We looked at the photos and laughed uproariously. What a comfort to know that all of my routine activities had been performed in my absence. After that, I still disliked the red ball, but a little less vehemently. We co-existed. After all, some of it was me.
Still, I occasionally threatened to discard it. “I hope it’s still here when you get back!” I joked with Eliza when she left for Christmas. “You wouldn’t dare!” she replied. And I wouldn’t. Couldn’t. My roommates loved the ball too much. And I love them.
In the second year of our lease, I found myself doing far less housework. I struggled with mental illness and lost the facetiously self-designated title of apartment MVP. Everyone else was pitching in more: sweeping, vacuuming, acquiring items. I was no longer the sole bathroom cleaner—in fact, Eliza, unaware we owned a toilet brush, stuck her whole arm down the U-bend in the most committed cleaning effort that has ever taken place in our living space. She was the obvious new apartment MVP.
Everyone took a little more interest in making our space a home, and my vision of what our house should look like softened, then dissolved.
When bounciest roommate Emily moved out to start medical school, Eliza and I drove a carload of her stuff across Boston. We piled bags of clothes and various containers of miscellaneous items into the back seat, then Eliza turned to me and said, “I don’t think there’s room for the red ball. Would you be willing to carry it on your lap?”

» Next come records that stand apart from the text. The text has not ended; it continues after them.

(* Let $(X,x_0)\cong(\mathbb{C}^n/\mathbb{Z}_r(1,a_1,\dots,a_{n-1}),0)$, where $r>0$ is an integer, $\gcd(a_1,r)=1$, and $a_j$ are integers with $0\le a_j<r$ for $1\le j\le n-1$. Let $l:=\min\{ i \mid 0<i\le r,\ a_j i\equiv i \pmod r \text{ for all } 1\le j\le n-1\}$. Let $\mu:Y\to X$ be the weighted blow up of $X$ at $x_0$ with weights $\mathrm{wt}(x_0,x_1,\dots,x_{n-1})=(l/r,l/r,\dots,l/r)$, with exceptional divisor $E$. Then \[\mathrm{w}\text{-}\mathrm{mult}_{\mu:x_0}X = r^{n-1}/l^n.\]
   Context: $\mathbb{C}^n/\mathbb{Z}_r(1,a_1,\dots,a_{n-1})$ denotes the quotient of $\mathbb{C}^n$ with coordinates $x_0,\dots,x_{n-1}$ by the cyclic group of order $r$ whose generator acts by $(x_0,x_1,\dots,x_{n-1})\mapsto(\zeta x_0,\zeta^{a_1}x_1,\dots,\zeta^{a_{n-1}}x_{n-1})$, $\zeta=e^{2\pi i/r}$. For the weighted blow up $\mu$ with weights $(l/r,\dots,l/r)$, $\mu_*\mathcal{O}_Y(-hE)$ (for integers $h\ge0$) is the ideal of $\mathcal{O}_{X,x_0}$ generated by the $\mathbb{Z}_r$-invariant monomials $x_0^{b_0}\cdots x_{n-1}^{b_{n-1}}$ with $\frac{l}{r}(b_0+\dots+b_{n-1})\ge h$. Weighted multiplicity: for a weighted blow up $\mu:Y\to X$ at $x_0$ with exceptional divisor $E$ and a subvariety $W\subseteq X$ of dimension $p$ normal at $x_0$ with strict transform $\bar W$, $\mathrm{w}\text{-}\mathrm{mult}_{\mu:x_0}W$ is the number such that $\dim_{\mathbb{C}}\mathcal{O}_{W,x_0}/\mu_*\mathcal{O}_{\bar W}(-hE|_{\bar W}) = \mathrm{w}\text{-}\mathrm{mult}_{\mu:x_0}W\cdot \frac{h^p}{p!}+(\text{lower order terms in } h)$. *)

theory Defs
  imports Complex_Main "HOL-Library.Landau_Symbols" "HOL-Number_Theory.Cong"
begin

text \<open>Monomials x_0^(b 0) ... x_(n-1)^(b (n-1)) in n variables, encoded as exponent
  functions vanishing outside {0..<n}.\<close>
definition monomials :: "nat \<Rightarrow> (nat \<Rightarrow> nat) set" where
  "monomials n = {b. \<forall>i\<ge>n. b i = 0}"

text \<open>Invariance of a monomial under the generator of Z_r acting with weights
  (1, a_1, ..., a_(n-1)): the character is zeta^(b_0 + sum a_j b_j).\<close>
definition Zr_invariant :: "nat \<Rightarrow> nat \<Rightarrow> (nat \<Rightarrow> nat) \<Rightarrow> (nat \<Rightarrow> nat) \<Rightarrow> bool" where
  "Zr_invariant n r a b \<longleftrightarrow> [b 0 + (\<Sum>j\<in>{1..<n}. a j * b j) = 0] (mod r)"
(* Let $\lambda_\pm:V_0\to(0,\infty)$, $\rho_B=\frac{\lambda_+}{\lambda_++\lambda_-}$, $\rho_*=\min_{V_0}\rho_B$, $\rho^*=\max_{V_0}\rho_B$, and let $\varrho:K\to\mathbb R$ satisfy $\varrho\in\mathcal F$, $\varrho|_{V_0}=\rho_B$, $\min_K\varrho=\rho_*$, $\max_K\varrho=\rho^*$. Then there is a constant $C>0$ depending only on $\rho_B$ and $\|c\|_\infty$ such that for every $N\ge1$ and every $\psi:\Omega_N\to\mathbb R$ with $\psi^2$ a density with respect to $\nu_\varrho$, \[ \big\langle\psi,-5^{-N}\mathcal L_N^G\psi\big\rangle_{\nu_\varrho}\ge -C\Big(\frac35\Big)^N. \]
   Context: Sierpiński gasket: $a_0=(\tfrac12,\tfrac{\sqrt3}2)$, $a_1=(0,0)$, $a_2=(1,0)$, $V_0=\{a_0,a_1,a_2\}$, $\varphi_i(x)=(x+a_i)/2$, $K$ the unique nonempty compact set with $K=\bigcup_i\varphi_i(K)$; for words $w$ over $\{0,1,2\}$, $\varphi_w$ is the composition of the $\varphi_{w_i}$. $V_N=\bigcup_{|w|=N}\varphi_w(V_0)$, $x\sim y$ ($x\ne y$) iff $x,y\in\varphi_w(V_0)$ for some $|w|=N$; $V_N^0=V_N\setminus V_0$; $L(x,y)$ graph distance on $V_N$. $\mathcal E_N(f)=\frac12(\frac53)^N\sum_{x\in V_N}\sum_{y\sim x}(f(y)-f(x))^2$, $\mathcal E=\lim_N\mathcal E_N$, $\mathcal F=\{f:K\to\mathbb R:\mathcal E(f)<\infty\}\subset C(K)$. $\Omega_N=\{0,1\}^{V_N}$; $\eta^x$ is $\eta$ with the value at $x$ flipped. $\nu_\varrho$ is the product measure on $\Omega_N$ with $\nu_\varrho(\eta(x)=1)=\varrho(x)$; $\langle\cdot,\cdot\rangle_{\nu_\varrho}$ its $L^2$ inner product; a nonnegative $f$ is a density w.r.t. $\nu_\varrho$ if $E_{\nu_\varrho}[f]=1$. $\mathcal L_N^G\varphi(\eta)=\sum_{x\in V_N^0}c_x(\eta)[\varphi(\eta^x)-\varphi(\eta)]$, where the rates satisfy: for a fixed integer $L_0\ge1$, with $\Lambda_x=\{y\in V_N:L(x,y)\le L_0\}$ and $\mathcal S=\{2^N(\Lambda_x-x):x\in V_N^0\}$ (independent of $N$ for large $N$), there are functions $c(\cdot;\Lambda):\{0,1\}^\Lambda\to(0,\infty)$, $\Lambda\in\mathcal S$, with $c_x(\eta)=c(\eta|_{\Lambda_x};2^N(\Lambda_x-x))$ for all large $N$; $\|c\|_\infty:=\max_{\Lambda\in\mathcal S}\max_{\xi\in\{0,1\}^\Lambda}c(\xi;\Lambda)$. *)

theory Defs
  imports "HOL-Analysis.Analysis" "HOL-Library.FuncSet"
begin

type_synonym pt = "real \<times> real"

definition a :: "nat \<Rightarrow> pt" where
  "a i = (if i = 0 then (1/2, sqrt 3 / 2) else if i = 1 then (0, 0) else (1, 0))"

definition V0 :: "pt set" where
  "V0 = {a 0, a 1, a 2}"

definition phi :: "nat \<Rightarrow> pt \<Rightarrow> pt" where
  "phi i x = (1/2) *\<^sub>R (x + a i)"

definition phiw :: "nat list \<Rightarrow> pt \<Rightarrow> pt" where
  "phiw w = foldr (\<lambda>i f. phi i \<circ> f) w id"

definition words :: "nat \<Rightarrow> nat list set" where
  "words N = {w. length w = N \<and> set w \<subseteq> {0, 1, 2}}"

definition K :: "pt set" where
  "K = (THE S. compact S \<and> S \<noteq> {} \<and> S = (\<Union>i\<in>{0,1,2::nat}. phi i ` S))"

definition V :: "nat \<Rightarrow> pt set" where
  "V N = (\<Union>w\<in>words N. phiw w ` V0)"

definition V_int :: "nat \<Rightarrow> pt set" where
  "V_int N = V N - V0"

definition adj :: "nat \<Rightarrow> pt \<Rightarrow> pt \<Rightarrow> bool" where
  "adj N x y \<longleftrightarrow> x \<noteq> y \<and> (\<exists>w\<in>words N. x \<in> phiw w ` V0 \<and> y \<in> phiw w ` V0)"

definition gdist_le :: "nat \<Rightarrow> pt \<Rightarrow> pt \<Rightarrow> nat \<Rightarrow> bool" where
  "gdist_le N x y k \<longleftrightarrow> (\<exists>p. length p \<le> Suc k \<and> p \<noteq> [] \<and> hd p = x \<and> last p = y
      \<and> set p \<subseteq> V N \<and> (\<forall>i. Suc i < length p \<longrightarrow> adj N (p ! i) (p ! Suc i)))"

definition energyN :: "nat \<Rightarrow> (pt \<Rightarrow> real) \<Rightarrow> real" where
  "energyN N f = (1/2) * (5/3) ^ N *
     (\<Sum>x\<in>V N. \<Sum>y\<in>{y\<in>V N. adj N x y}. (f y - f x)\<^sup>2)"

definition in_F :: "(pt \<Rightarrow> real) \<Rightarrow> bool" where
  "in_F f \<longleftrightarrow> (\<exists>L::real. (\<lambda>N. energyN N f) \<longlonglongrightarrow> L)"

definition Omega :: "nat \<Rightarrow> (pt \<Rightarrow> nat) set" where
  "Omega N = PiE (V N) (\<lambda>_. {0, 1})"

definition flip :: "(pt \<Rightarrow> nat) \<Rightarrow> pt \<Rightarrow> pt \<Rightarrow> nat" where
  "flip \<eta> x = \<eta>(x := 1 - \<eta> x)"

definition nu :: "nat \<Rightarrow> (pt \<Rightarrow> real) \<Rightarrow> (pt \<Rightarrow> nat) \<Rightarrow> real" where
  "nu N \<rho> \<eta> = (\<Prod>x\<in>V N. if \<eta> x = 1 then \<rho> x else 1 - \<rho> x)"

definition expect :: "nat \<Rightarrow> (pt \<Rightarrow> real) \<Rightarrow> ((pt \<Rightarrow> nat) \<Rightarrow> real) \<Rightarrow> real" where
  "expect N \<rho> f = (\<Sum>\<eta>\<in>Omega N. nu N \<rho> \<eta> * f \<eta>)"

definition inner_nu :: "nat \<Rightarrow> (pt \<Rightarrow> real) \<Rightarrow> ((pt \<Rightarrow> nat) \<Rightarrow> real)
    \<Rightarrow> ((pt \<Rightarrow> nat) \<Rightarrow> real) \<Rightarrow> real" where
  "inner_nu N \<rho> f g = expect N \<rho> (\<lambda>\<eta>. f \<eta> * g \<eta>)"

definition is_density :: "nat \<Rightarrow> (pt \<Rightarrow> real) \<Rightarrow> ((pt \<Rightarrow> nat) \<Rightarrow> real) \<Rightarrow> bool" where
  "is_density N \<rho> f \<longleftrightarrow> (\<forall>\<eta>\<in>Omega N. f \<eta> \<ge> 0) \<and> expect N \<rho> f = 1"

definition Lam :: "nat \<Rightarrow> nat \<Rightarrow> pt \<Rightarrow> pt set" where
  "Lam L0 N x = {y\<in>V N. gdist_le N x y L0}"

definition shape :: "nat \<Rightarrow> nat \<Rightarrow> pt \<Rightarrow> pt set" where
  "shape L0 N x = (\<lambda>y. (2 ^ N) *\<^sub>R (y - x)) ` Lam L0 N x"

definition local_conf :: "nat \<Rightarrow> nat \<Rightarrow> pt \<Rightarrow> (pt \<Rightarrow> nat) \<Rightarrow> pt \<Rightarrow> nat" where
  "local_conf L0 N x \<eta> = restrict (\<lambda>z. \<eta> (x + (1 / 2 ^ N) *\<^sub>R z)) (shape L0 N x)"

text \<open>The set of all shapes (union over all N >= 1; it stabilises for large N).\<close>
definition shapes :: "nat \<Rightarrow> pt set set" where
  "shapes L0 = (\<Union>N\<in>{1..}. shape L0 N ` V_int N)"

definition rate :: "nat \<Rightarrow> (pt set \<Rightarrow> (pt \<Rightarrow> nat) \<Rightarrow> real) \<Rightarrow> nat \<Rightarrow> pt \<Rightarrow> (pt \<Rightarrow> nat) \<Rightarrow> real" where
  "rate L0 c N x \<eta> = c (shape L0 N x) (local_conf L0 N x \<eta>)"

definition cnorm :: "nat \<Rightarrow> (pt set \<Rightarrow> (pt \<Rightarrow> nat) \<Rightarrow> real) \<Rightarrow> real" where
  "cnorm L0 c = Max {c \<Lambda> \<xi> | \<Lambda> \<xi>. \<Lambda> \<in> shapes L0 \<and> \<xi> \<in> PiE \<Lambda> (\<lambda>_. {0, 1})}"

definition gen :: "nat \<Rightarrow> (pt set \<Rightarrow> (pt \<Rightarrow> nat) \<Rightarrow> real) \<Rightarrow> nat
    \<Rightarrow> ((pt \<Rightarrow> nat) \<Rightarrow> real) \<Rightarrow> (pt \<Rightarrow> nat) \<Rightarrow> real" where
  "gen L0 c N \<phi> \<eta> = (\<Sum>x\<in>V_int N. rate L0 c N x \<eta> * (\<phi> (flip \<eta> x) - \<phi> \<eta>))"

end

theory Submission
  imports Defs
begin

(* Expanding the quadratic form site by site, the contribution of x is
   sum_eta nu(eta) c_x(eta) (psi(eta)^2 - psi(eta) psi(eta^x)) >= -(|c|/4) sum_eta nu(eta) psi(eta^x)^2.
   Flipping the spin at x is a bijection of Omega_N which changes nu by at most the factor
   1/rho_min + 1/(1 - rho_max), because on V_N, a subset of K, rho lies between rho_min > 0 and
   rho_max < 1.  Since psi^2 is a density, each site contributes at least
   -(|c|/4)(1/rho_min + 1/(1 - rho_max)); there are at most 3^(N+1) sites, and the factor 5^(-N)
   turns the sum into a multiple of (3/5)^N. *)

section \<open>The similitudes and the vertex sets\<close>

lemma phiw_Nil [simp]: "phiw [] = id"
  by (simp add: phiw_def)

I knew what had to be done.
I squeezed into the passenger seat with the red ball on my lap, eating a Sabra hummus cup with my arms resting on the ball, above my head. It was an intimate ride with the ball; it filled the cavity created by my seated body, pushed up against my belly and thighs. For a moment when we braked hard at a stop, I felt myself lean into it as the pressure changed, and it felt like it was almost protecting me, my big red airbag.
As we pulled up to Emily’s building, she was waiting outside for us. “I wouldn’t do this for anyone else!” I shouted out the window, opening the car door and letting the ball bounce onto the sidewalk. Emily walked up to us and retrieved the ball, then rolled it into the dorm room that would be her new home.
When we returned to our apartment later that day, it was decidedly more adult, less bouncy. I surveyed the living room, the nails where Emily’s art had hung, the plants that could use a drink, the furniture that let me pretend I was living an adult life. I’d finally gotten what I wanted—the red ball gone, the finishing touch—and now I felt deflated, as if someone had let some of my air out.
Emily came back for one more night to sleep in her nearly-empty room and give me one of the best presents I’ve ever received. Ceremoniously, she handed me a small black bag. I zipped open the drawstring to find a spiky massage ball in the only color that would have been appropriate, the only color that would complete our living room: red.